See the drawing below from May 1912, it shows the track layout, property lines, and various structures. (Layout photo from Jim Coshun)



This structure was on the 2nd side track here at Little Orleans. Its is possibly a platform used by the railroad to inspect and work on the timber lining if the tunnels. The year is 1968 and in 1972, Indigo Tunnel would be relined shortly before it was abandoned. (1968, Don Biggs photo)


Here is the photo taken by R.E. Anderson along the Little Orleans setoff tracks in May 1974. This picture shows how the tracks were layed out. Photos like this one are very rare since the WM West Sub ran through remote, hard to get to areas. The WM also didn't run very many trains compared to the larger number that ran on the B&O just across the river.

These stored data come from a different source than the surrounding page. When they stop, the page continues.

lemma is_loop_Q:
  assumes "0 < n"
  shows "is_loop S M Qone"
proof (rule commutative_loopI[where d = "Qldiv n a b"])
  show "Qone \<in> S"
    using assms by (simp add: Qone_def mem_Qcar_iff mem_Zn_iff)
qed (auto simp: M_closed Qone_M is_commutative_Q Qldiv_closed M_Qldiv Qldiv_M)

lemma M_assoc_shear:
  assumes x: "(x1, x2, x3) \<in> S" and y: "(y1, y2, y3) \<in> S" and z: "(z1, z2, z3) \<in> S"
  shows "M (x1, x2, x3) (M (y1, y2, y3) (z1, z2, z3))
       = M (M (x1, x2, x3) (y1, y2, y3)) (shear n (x3 * y3) (- (x2 * y3)) (z1, z2, z3))"
proof -
  have weighted_carries:
    "a * ovf n x2 y2 + a * ovf n ((x2 + y2) mod int n) z2 = a * ovf n y2 z2 + a * ovf n x2 ((y2 + z2) mod int n)"
    "b * ovf n x3 y3 + b * ovf n ((x3 + y3) mod int n) z3 = b * ovf n y3 z3 + b * ovf n x3 ((y3 + z3) mod int n)"
    using x y z by (simp_all add: mem_Qcar_iff ovf_cocycle flip: distrib_left)
  have first:
    "(x1 + (y1 + z1 + ((y2 + z2) mod int n) * y3 * z3 + a * ovf n y2 z2 + b * ovf n y3 z3) mod int n
       + ((x2 + (y2 + z2) mod int n) mod int n) * x3 * ((y3 + z3) mod int n)
       + a * ovf n x2 ((y2 + z2) mod int n) + b * ovf n x3 ((y3 + z3) mod int n)) mod int n
     = ((x1 + y1 + ((x2 + y2) mod int n) * x3 * y3 + a * ovf n x2 y2 + b * ovf n x3 y3) mod int n
       + (z1 + x3 * y3 * z2 + - (x2 * y3) * z3) mod int n
       + (((x2 + y2) mod int n + z2) mod int n) * ((x3 + y3) mod int n) * z3
       + a * ovf n ((x2 + y2) mod int n) z2 + b * ovf n ((x3 + y3) mod int n) z3) mod int n"
    by (rule mod_eq_stripI, (rule mod_strip_cong refl)+) (use weighted_carries in \<open>simp add: algebra_simps\<close>)
  have "(x2 + (y2 + z2) mod int n) mod int n = ((x2 + y2) mod int n + z2) mod int n"
    "(x3 + (y3 + z3) mod int n) mod int n = ((x3 + y3) mod int n + z3) mod int n"
    by (simp_all add: mod_simps ac_simps)
  with first z show ?thesis
    by (simp add: M_eq shear_apply)
qed

lemma ldiv_eq_Qldiv:
  assumes "0 < n" "x \<in> S" "y \<in> S"
  shows "ldiv S M x y = Qldiv n a b x y"
proof (rule loop_ldiv_eqI[OF is_loop_Q[OF \<open>0 < n\<close>] \<open>x \<in> S\<close>])
  obtain x1 x2 x3 y1 y2 y3 where "x = (x1, x2, x3)" "y = (y1, y2, y3)"
    by (cases x, cases y)
  then show "M x (Qldiv n a b x y) = y"
    using assms M_Qldiv by simp
qed (simp add: assms Qldiv_closed)

lemma assoc_iff:
  assumes x: "(x1, x2, x3) \<in> S" and y: "(y1, y2, y3) \<in> S" and z: "(z1, z2, z3) \<in> S"
  shows "M (M (x1, x2, x3) (y1, y2, y3)) (z1, z2, z3) = M (x1, x2, x3) (M (y1, y2, y3) (z1, z2, z3))
     \<longleftrightarrow> int n dvd y3 * (x3 * z2 - x2 * z3)"
proof -
  have "z1 \<in> Zn n"
    using z by (simp add: mem_Qcar_iff)
  have "M (M (x1, x2, x3) (y1, y2, y3)) (z1, z2, z3) = M (x1, x2, x3) (M (y1, y2, y3) (z1, z2, z3))
     \<longleftrightarrow> (z1, z2, z3) = shear n (x3 * y3) (- (x2 * y3)) (z1, z2, z3)"
    unfolding M_assoc_shear[OF x y z]
    by (intro M_cancel_left M_closed shear_closed x y z)
  also have "\<dots> \<longleftrightarrow> z1 mod int n = (z1 + y3 * (x3 * z2 - x2 * z3)) mod int n"
    using z \<open>z1 \<in> Zn n\<close> by (simp add: shear_apply mod_Zn algebra_simps)
  also have "\<dots> \<longleftrightarrow> int n dvd y3 * (x3 * z2 - x2 * z3)"
    by (simp add: mod_eq_dvd_iff)
  finally show ?thesis .
qed

lemma ldiv_assoc:
  assumes "0 < n" and x: "(x1, x2, x3) \<in> S" and y: "(y1, y2, y3) \<in> S" and z: "z \<in> S"
  shows "ldiv S M (M (x1, x2, x3) (y1, y2, y3)) (M (x1, x2, x3) (M (y1, y2, y3) z))
       = shear n (x3 * y3) (- (x2 * y3)) z"
proof (rule loop_ldiv_eqI[OF is_loop_Q[OF \<open>0 < n\<close>]])
  obtain z1 z2 z3 where "z = (z1, z2, z3)"
    by (cases z)
  then show "M (M (x1, x2, x3) (y1, y2, y3)) (shear n (x3 * y3) (- (x2 * y3)) z)
      = M (x1, x2, x3) (M (y1, y2, y3) z)"
    using M_assoc_shear x y z by simp
qed (simp_all add: M_closed shear_closed x y z)

lemma Lmap_eq_shear:
  assumes "0 < n" and u: "(u1, u2, u3) \<in> S" and v: "(v1, v2, v3) \<in> S"
  shows "Lmap S M (u1, u2, u3) (v1, v2, v3) = shear n (v3 * u3) (- (v2 * u3))"
proof
  fix w
  show "Lmap S M (u1, u2, u3) (v1, v2, v3) w = shear n (v3 * u3) (- (v2 * u3)) w"
    using ldiv_assoc[OF assms(1) v u] by (cases "w \<in> S") (simp_all add: Lmap_def on_carrier_def shear_outside)
qed

lemma Lmap_is_shear:
  assumes "0 < n" "u \<in> S" "v \<in> S"
  shows "\<exists>\<alpha> \<beta>. Lmap S M u v = shear n \<alpha> \<beta>"
proof -
  obtain u1 u2 u3 v1 v2 v3 where uv: "u = (u1, u2, u3)" "v = (v1, v2, v3)"
    by (cases u, cases v)
  show ?thesis
    using Lmap_eq_shear[OF assms(1)] assms(2,3) unfolding uv by blast
qed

This is WM train AJ-3. It was one of the high-priority "Alpha Jet" train that ran between the Reading RR and the P&WV RR at Connellsville, PA. This photo is pictured on the September 2003 page of the Western Maryland Historical Society calander.


To order this calender which contains the photo pictured above click HERE .




Here is the Little Orleans "station", that is more of a waiting shed. According to Bill the station survived up until the 80's when it was torn down. The building to the left of the station was the barrel making company that was mentioned above. This station was located just off the overpass on the right in the photos below. (thanks to Jeff Hollis for photo)

Here is the original store at Little Orleans now known as Bill's Place. This building was known as Callahan's Store and was moved to this location from alongside the canal to make way for railroad. This photo was taken in June 1971 by Arthur Bloch. The building burned in the 1990's and was rebuilt as a log cabin shown here as it looks today.

Photo of the WM overpass in Little Orleans next to Bill's Place. (March 2002)

WM overpass at Little Orleans during construction in 1904. This view is from the canal side and can be seen in the foreground. I photographed the overpass much later in March 2002. (thanks to Jeff Hollis for photo)

Looking east fro atop the WM overpass (bridge 130.8) in Little Orleans in 1960. (Ray Wangus Collection of the WMRHS) The crossties are beginning to appear through the worn down dirt here in the March 2002 photo that is also looking east.

Two photos looking east on the WM at Little Orleans in 1968. The first photo shows a boxcar in one of the two sidetracks that were here. The boxcar is being loaded with barrels. The second photo is looking easteast from atopthe the overpass. (1968, Don Biggs photos)



story from Bill

Bill told me a story of when the last train came through Little Orleans. He said the train was a "scrap" train that was pulling up the rails as they went back east. They had stopped at Little Orleans and the conductor came into the store to get a 6-pack. They asked him to ride along so Bill closed the store and hung a sign on the door that read "be back, caught the last train out of town". He said they rode to Hancock stopping at various spots to catch rattle snakes and goof off. He said the crew didn't care, there jobs were being terminated anyway when all the rails were torn up. So once at Hancock he just went to a bar and got a ride back with someone from town.


An old photo of the water tower and water spout along the tracks at Little Orleans. (thanks to Jeff Hollis for photo) The second photo is the remains of the concrete base for the water tower at Little Orleans. The tower was used to fill the tenders for the steam locomotives as water was needed.

This is the WM road crossing at High Germany Road just to the east of Little Orleans. The first photo was taken in June 1970 by Arthur Bloch. In the second photo crossties and rail are still intact at the road crossing. You can see the crossties in the foreground leading away to the crossing. These photos were are looking east towards Indigo Tunnel just 1 mile away.

Looking down High Germany Road towards the WM crossing at Little Orleans,Md. This photo was taken by Arthur Bloch in February 1971.